Figure 12.3: Config file

Furthermore, one must write the line $usecp*:/home /home write into it. This ensures that the file of the finished jobs is stored in a specific directory (here the shared /home). Otherwise the following error will occur when running the command tracejob:

Figure 12.4: Tracejob error


Execute Job

[edit | edit source]

Run Services

In order for a job to be performed at least 4 services must be started . On the master that are pbs_server, pbs_sched and trqauthd.

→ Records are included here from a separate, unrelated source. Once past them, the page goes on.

lemma singular_value_bounds:
  fixes g :: "real^'n^'n"
  assumes "CARD('n) \<ge> 2" "det g \<noteq> 0"
  shows "0 < sigma 2 g" "sigma 2 g \<le> sigma 1 g" "sigma 1 g \<le> norm (g *v max_stretch g)"
    and "inner (max_stretch g) y = 0 \<Longrightarrow> norm (g *v y) \<le> sigma 2 g * norm y"
proof -
  define w where "w = max_stretch g"
  obtain u where "norm u = 1" "g *v u \<noteq> 0"
    and u_max: "\<And>y. inner w y = 0 \<Longrightarrow> norm (g *v y) \<le> norm (g *v u) * norm y"
    and top: "{#(norm (g *v w))\<^sup>2, (norm (g *v u))\<^sup>2#} \<subseteq># proots (charpoly (g ** transpose g))"
    using gram_top_eigenvalues[OF assms] unfolding w_def by metis
  have "(norm (g *v u))\<^sup>2 \<le> (norm (g *v w))\<^sup>2"
    using max_stretch(2)[of g u] \<open>norm u = 1\<close> by (simp add: w_def power_mono)
  moreover have "\<forall>x\<in>#proots (charpoly (g ** transpose g)). x \<le> (norm (g *v w))\<^sup>2"
    using charpoly_gram_root_le[OF max_stretch(2)[where g = g]]
    by (cases "charpoly (g ** transpose g) = 0") (auto simp: w_def)
  ultimately have L: "eigs_desc (g ** transpose g) ! 0 \<le> (norm (g *v w))\<^sup>2"
      "(norm (g *v u))\<^sup>2 \<le> eigs_desc (g ** transpose g) ! 1"
      "eigs_desc (g ** transpose g) ! 1 \<le> eigs_desc (g ** transpose g) ! 0"
    using rev_sorted_list_of_multiset_top_two[OF top] unfolding eigs_desc_def by blast+
  have sigma_eq: "sigma 1 g = sqrt (eigs_desc (g ** transpose g) ! 0)"
    "sigma 2 g = sqrt (eigs_desc (g ** transpose g) ! 1)"
    by (simp_all add: sigma_def)
  show "sigma 1 g \<le> norm (g *v max_stretch g)"
    using real_sqrt_le_mono[OF L(1)] unfolding sigma_eq by (simp add: w_def)
  show "sigma 2 g \<le> sigma 1 g"
    using real_sqrt_le_mono[OF L(3)] unfolding sigma_eq .
  have "norm (g *v u) \<le> sigma 2 g"
    using real_sqrt_le_mono[OF L(2)] unfolding sigma_eq by simp
  then show "0 < sigma 2 g" using \<open>g *v u \<noteq> 0\<close> by (meson less_le_trans zero_less_norm_iff)
  show "norm (g *v y) \<le> sigma 2 g * norm y" if "inner (max_stretch g) y = 0"
    using u_max[of y] that \<open>norm (g *v u) \<le> sigma 2 g\<close>
    by (simp add: w_def) (meson mult_right_mono norm_ge_zero order_trans)
qed

section \<open>Asymptotically rank one sequences\<close>

lemma not_bounded_away_imp_tendsto_0_along:
  fixes x :: "nat \<Rightarrow> real"
  assumes "\<not> (\<exists>c>0. eventually (\<lambda>n. c \<le> \<bar>x n\<bar>) sequentially)"
  obtains r where "filterlim r sequentially sequentially" "(\<lambda>k. x (r k)) \<longlonglongrightarrow> 0"
proof -
  have "\<exists>n\<ge>k. \<bar>x n\<bar> < inverse (real (Suc k))" for k
  proof (rule ccontr)
    assume "\<not> ?thesis"
    then have "eventually (\<lambda>n. inverse (real (Suc k)) \<le> \<bar>x n\<bar>) sequentially"
      unfolding eventually_sequentially by (meson not_less)
    moreover have "inverse (real (Suc k)) > 0" by simp
    ultimately show False using assms by blast
  qed
  then obtain r where r: "\<forall>k. k \<le> r k \<and> \<bar>x (r k)\<bar> < inverse (real (Suc k))"
    using choice[of "\<lambda>k n. k \<le> n \<and> \<bar>x n\<bar> < inverse (real (Suc k))"] by blast
  show ?thesis
  proof
    show "filterlim r sequentially sequentially"
      using r by (intro filterlim_at_top_mono[OF filterlim_ident]) simp
    show "(\<lambda>k. x (r k)) \<longlonglongrightarrow> 0"
      using r by (intro Lim_null_comparison[OF _ LIMSEQ_inverse_real_of_nat]) (simp add: less_imp_le)
  qed
qed
text \<open>If P fails somewhere, the last term at which P holds serves as the limit.\<close>

lemma (in Metric_space) mcomplete_partial_limit_bound:
  assumes "mcomplete" "range s \<subseteq> M" "(r \<longlongrightarrow> 0) sequentially"
    and P_down: "\<And>m n. m \<le> n \<Longrightarrow> P n \<Longrightarrow> P m"
    and close: "\<And>m n. m \<le> n \<Longrightarrow> P n \<Longrightarrow> d (s m) (s n) \<le> r m"
  shows "\<exists>l\<in>M. \<forall>n. P n \<longrightarrow> d (s n) l \<le> r n"
proof (cases "\<forall>n. P n")
  case True
  then show ?thesis
    using mcomplete_limit_bound[OF assms(1-3)] close by blast
next
  case False
  define N where "N = (LEAST n. \<not> P n)"
  have not_P_N: "\<not> P N"
    unfolding N_def using False LeastI_ex[of "\<lambda>n. \<not> P n"] by blast
  have below_N: "n < N" if "P n" for n
    using P_down[of N n] that not_P_N by (meson not_le)
  have "P (N - 1)" if "P n" for n
    using not_less_Least[of "N - 1" "\<lambda>n. \<not> P n"] below_N[OF that] unfolding N_def by simp
  then have "d (s n) (s (N - 1)) \<le> r n" if "P n" for n
    using close[of n "N - 1"] below_N[OF that] that by simp
  then show ?thesis
    using assms(2) by blast
qed

lemma section_proj [simp]: "b \<in> sections \<pi> \<Longrightarrow> \<pi> (b y) = y"
  unfolding sections_def by blast
(* A quadruple of points of the quaternionic projective line $\mathbb{P}^1(\mathbb{H})$ is semi-stable if and only if no point is repeated more than twice.
   Context: $\mathbb{H}$ denotes Hamilton's quaternions (generators $i,j,k$), $\mathbb{P}^1(\mathbb{H})$ the set of rank-one right $\mathbb{H}$-submodules of $\mathbb{H}^2$. Let $\tau(x_1,x_2,x_3,x_4)=(-\bar x_2,\bar x_1,-\bar x_4,\bar x_3)$ on $\mathbb{C}^4$. Points of $\mathbb{P}^1(\mathbb{H})$ are identified with complex planes of $\mathbb{C}^4$ of the form $\langle x,\tau(x)\rangle$, $x\ne0$, the plane $\langle x,\tau(x)\rangle$ corresponding to the right $\mathbb{H}$-module generated by $(x_1+jx_2,\,x_3+jx_4)$. A quadruple of points of $\mathbb{P}^1(\mathbb{H})$ is semi-stable if the corresponding quadruple of complex planes is semi-stable for the diagonal action of $\mathrm{SL}_4(\mathbb{C})$ on $\mathrm{Gr}(2,4)^4$ with the Plücker linearization, i.e. some $\mathrm{SL}_4(\mathbb{C})$-invariant section of a positive power of $\bigotimes_i\mathrm{pr}_i^*\mathcal{O}(1)$ does not vanish. *)

theory Defs
  imports "HOL-Analysis.Analysis"
begin

inductive poly_fun :: "(('v \<Rightarrow> complex) \<Rightarrow> complex) \<Rightarrow> bool" where
  pf_const: "poly_fun (\<lambda>z. c)"
| pf_var: "poly_fun (\<lambda>z. z i)"
| pf_add: "poly_fun f \<Longrightarrow> poly_fun g \<Longrightarrow> poly_fun (\<lambda>z. f z + g z)"
| pf_mult: "poly_fun f \<Longrightarrow> poly_fun g \<Longrightarrow> poly_fun (\<lambda>z. f z * g z)"

text \<open>Pluecker coordinates of the plane spanned by u and v (all 16 antisymmetric
  coordinates u_i v_j - u_j v_i, i.e. the 2x2 minors).\<close>
definition pluecker :: "complex^4 \<Rightarrow> complex^4 \<Rightarrow> 4 \<Rightarrow> 4 \<Rightarrow> complex" where
  "pluecker u v i j = u$i * v$j - u$j * v$i"

definition pluecker4 :: "(4 \<Rightarrow> complex^4) \<Rightarrow> (4 \<Rightarrow> complex^4) \<Rightarrow> (4 \<times> 4 \<times> 4 \<Rightarrow> complex)" where
  "pluecker4 u v = (\<lambda>(k,i,j). pluecker (u k) (v k) i j)"

text \<open>An SL_4(C)-invariant section of O(d,d,d,d) on Gr(2,4)^4 (Pluecker linearization),
  represented by a polynomial in the Pluecker coordinates that is multihomogeneous of
  degree d in each factor and invariant on the affine cone.\<close>
definition invariant_section :: "nat \<Rightarrow> ((4 \<times> 4 \<times> 4 \<Rightarrow> complex) \<Rightarrow> complex) \<Rightarrow> bool" where
  "invariant_section d F \<longleftrightarrow>
     poly_fun F \<and>
     (\<forall>t :: 4 \<Rightarrow> complex. \<forall>z. F (\<lambda>(k,i,j). t k * z (k,i,j)) = (\<Prod>k\<in>UNIV. t k ^ d) * F z) \<and>
     (\<forall>g :: complex^4^4. det g = 1 \<longrightarrow> (\<forall>u v.
        F (pluecker4 (\<lambda>k. g *v u k) (\<lambda>k. g *v v k)) = F (pluecker4 u v)))"

definition semistable_planes :: "(4 \<Rightarrow> complex^4) \<Rightarrow> (4 \<Rightarrow> complex^4) \<Rightarrow> bool" where
  "semistable_planes u v \<longleftrightarrow>
     (\<exists>d>0. \<exists>F. invariant_section d F \<and> F (pluecker4 u v) \<noteq> 0)"

definition tau :: "complex^4 \<Rightarrow> complex^4" where
  "tau x = vector [- cnj (x$2), cnj (x$1), - cnj (x$4), cnj (x$3)]"

text \<open>The point of P^1(H) determined by x, as the complex plane span(x, tau x).\<close>
definition qpoint :: "complex^4 \<Rightarrow> (complex^4) set" where
  "qpoint x = {a *s x + b *s tau x | a b. True}"

definition q_semistable :: "(4 \<Rightarrow> complex^4) \<Rightarrow> bool" where
  "q_semistable x \<longleftrightarrow> semistable_planes x (\<lambda>k. tau (x k))"

end

theory Submission
  imports Defs
begin
lemma finite_quotients_finite:
  assumes "finite L"
  shows "finite (quotients L)"
proof (rule finite_subset)
  have "{v. \<exists>u. u @ v = x} \<subseteq> (\<lambda>n. drop n x) ` {..length x}" for x :: "'a list"
  proof
    fix v assume "v \<in> {v. \<exists>u. u @ v = x}"
    then obtain u where "u @ v = x" by blast
    then show "v \<in> (\<lambda>n. drop n x) ` {..length x}"
      by (intro image_eqI[of _ _ "length u"]) auto
  qed
  then have "finite {v. \<exists>u. u @ v = x}" for x :: "'a list"
    by (rule finite_subset) simp
  then show "finite (Pow (\<Union>x\<in>L. {v. \<exists>u. u @ v = x}))"
    using assms by simp
  show "quotients L \<subseteq> Pow (\<Union>x\<in>L. {v. \<exists>u. u @ v = x})"
    by (auto simp: quotients_def Derivs_def)
qed

lemma finite_quotients_Un:
  assumes "finite (quotients A)" "finite (quotients B)"
  shows "finite (quotients (A \<union> B))"
proof (rule finite_subset)
  show "quotients (A \<union> B) \<subseteq> (\<lambda>(X, Y). X \<union> Y) ` (quotients A \<times> quotients B)"
  proof
    fix Z assume "Z \<in> quotients (A \<union> B)"
    then obtain w where "Z = Derivs w A \<union> Derivs w B"
      by (auto simp: quotients_def Derivs_def)
    then show "Z \<in> (\<lambda>(X, Y). X \<union> Y) ` (quotients A \<times> quotients B)"
      by (auto intro: Derivs_in_quotients)
  qed
qed (use assms in simp)

lemma finite_quotients_Int:
  assumes "finite (quotients A)" "finite (quotients B)"
  shows "finite (quotients (A \<inter> B))"
proof (rule finite_subset)
  show "quotients (A \<inter> B) \<subseteq> (\<lambda>(X, Y). X \<inter> Y) ` (quotients A \<times> quotients B)"
  proof
    fix Z assume "Z \<in> quotients (A \<inter> B)"
    then obtain w where "Z = Derivs w A \<inter> Derivs w B"
      by (auto simp: quotients_def Derivs_def)
    then show "Z \<in> (\<lambda>(X, Y). X \<inter> Y) ` (quotients A \<times> quotients B)"
      by (auto intro: Derivs_in_quotients)
  qed
qed (use assms in simp)

lemma finite_quotients_Diff_Nil:
  assumes "finite (quotients A)"
  shows "finite (quotients (A - {[]}))"
proof (rule finite_subset)
  have "Derivs w (A - {[]}) = (if w = [] then A - {[]} else Derivs w A)" for w
    by (auto simp: Derivs_def)
  then show "quotients (A - {[]}) \<subseteq> insert (A - {[]}) (quotients A)"
    by (auto simp: quotients_def)
qed (use assms in simp)

lemma Derivs_conc:
  "Derivs w (conc A B) = conc (Derivs w A) B \<union> \<Union>{Derivs v B | u v. w = u @ v \<and> u \<in> A}"
proof (intro equalityI subsetI)
  fix x assume "x \<in> Derivs w (conc A B)"
  then obtain p q where pq: "w @ x = p @ q" "p \<in> A" "q \<in> B"
    by (auto simp: Derivs_def in_conc_iff)
  then obtain r where "w = p @ r \<and> r @ x = q \<or> w @ r = p \<and> x = r @ q"
    by (auto simp: append_eq_append_conv2)
  then show "x \<in> conc (Derivs w A) B \<union> \<Union>{Derivs v B | u v. w = u @ v \<and> u \<in> A}"
    using pq by (auto simp: Derivs_def intro: concI)
next
  fix x assume "x \<in> conc (Derivs w A) B \<union> \<Union>{Derivs v B | u v. w = u @ v \<and> u \<in> A}"
  then show "x \<in> Derivs w (conc A B)"
    by (auto simp: Derivs_def in_conc_iff) (metis append.assoc)+
qed

lemma finite_quotients_conc:
  assumes "finite (quotients A)" "finite (quotients B)"
  shows "finite (quotients (conc A B))"
proof (rule finite_subset)
  show "quotients (conc A B) \<subseteq> (\<lambda>(X, Y). conc X B \<union> \<Union>Y) ` (quotients A \<times> Pow (quotients B))"
  proof
    fix Z assume "Z \<in> quotients (conc A B)"
    then obtain w where "Z = Derivs w (conc A B)" by (auto simp: quotients_def)
    then have "Z = (\<lambda>(X, Y). conc X B \<union> \<Union>Y) (Derivs w A, {Derivs v B | u v. w = u @ v \<and> u \<in> A})"
      by (simp add: Derivs_conc)
    then show "Z \<in> (\<lambda>(X, Y). conc X B \<union> \<Union>Y) ` (quotients A \<times> Pow (quotients B))"
      by (rule image_eqI) (auto intro: Derivs_in_quotients)
  qed
qed (use assms in simp)

lemma star_split:
  assumes "w @ x \<in> star A" and "w \<noteq> []"
  shows "\<exists>u y z r. w = u @ y \<and> u \<in> star A \<and> y \<noteq> [] \<and> y @ z \<in> A \<and> x = z @ r \<and> r \<in> star A"
  using assms
proof (induction "w @ x" arbitrary: w x rule: star.induct)
  case (star_app a b)
  then obtain s where "w = a @ s \<and> s @ x = b \<or> w @ s = a \<and> x = s @ b"
    by (auto simp: append_eq_append_conv2)
  then show ?case
  proof
    assume split: "w = a @ s \<and> s @ x = b"
    show ?thesis
    proof (cases "s = []")
      case True
      with split star_app show ?thesis
        by (intro exI[of _ "[]"] exI[of _ a] exI[of _ "[]"] exI[of _ b]) (auto intro: star.star_Nil)
    next
      case False
      with split star_app.hyps(3) obtain u y z r where
        "s = u @ y" "u \<in> star A" "y \<noteq> []" "y @ z \<in> A" "x = z @ r" "r \<in> star A"
        by blast
      with split star_app.hyps(1) show ?thesis
        by (intro exI[of _ "a @ u"] exI[of _ y] exI[of _ z] exI[of _ r]) (auto intro: star.star_app)
    qed
  next
    assume "w @ s = a \<and> x = s @ b"
    with star_app show ?thesis
      by (intro exI[of _ "[]"] exI[of _ w] exI[of _ s] exI[of _ b]) (auto intro: star.star_Nil)
  qed
qed simp

lemma Derivs_star:
  assumes "w \<noteq> []"
  shows "Derivs w (star A) = conc (\<Union>{Derivs y A | u y. w = u @ y \<and> u \<in> star A \<and> y \<noteq> []}) (star A)"
proof (intro equalityI subsetI)
  fix x assume "x \<in> Derivs w (star A)"
  then have "w @ x \<in> star A" by (simp add: Derivs_def)
  then obtain u y z r where "w = u @ y" "u \<in> star A" "y \<noteq> []" "y @ z \<in> A" "x = z @ r" "r \<in> star A"
    using star_split[OF _ assms] by blast
  then show "x \<in> conc (\<Union>{Derivs y A | u y. w = u @ y \<and> u \<in> star A \<and> y \<noteq> []}) (star A)"
    by (auto simp: Derivs_def intro!: concI)
next
  fix x assume "x \<in> conc (\<Union>{Derivs y A | u y. w = u @ y \<and> u \<in> star A \<and> y \<noteq> []}) (star A)"
  then obtain u y z r where "x = z @ r" "r \<in> star A" "w = u @ y" "u \<in> star A" "y @ z \<in> A"
    by (auto simp: in_conc_iff Derivs_def)
  then have "u @ (y @ z) @ r \<in> star A" by (intro star_append star.star_app)
  then show "x \<in> Derivs w (star A)"
    using \<open>x = z @ r\<close> \<open>w = u @ y\<close> by (simp add: Derivs_def)
qed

On the nodes that is pbs_mom:

sudo pbs_server

sudo pbs_sched

sudo sudo trqauthd

sudo pbs_mom

Run Job

[edit | edit source]
Figure 12.5: Bash file example


The command qsub [file name], executed on the master, starts a job. To run a job, you need a Bash file. In the example above, the date is displayed, wait 10 seconds and then again output the date. The result is then stored in the directory on the master from which the job was started.

Useful Commands

[edit | edit source]

There are some commands in Torque with which you can trace the running jobs and which are very useful for troubleshooting.

The command

pbsnodes -a

, executed on the master, shows if a node is active or not. With the command

qstat

a list of running or finished jobs is displayed.

Figure 12.6: qstat display


There you can see which number a job has which node is used and whether the job is started, in progress or has already ended.
A very useful command for debugging is

tracejob [job number]

This is a command from Torque which searches and summarizes the log files in the pbs_server, mom and scheduler. With this one gets a quick overview.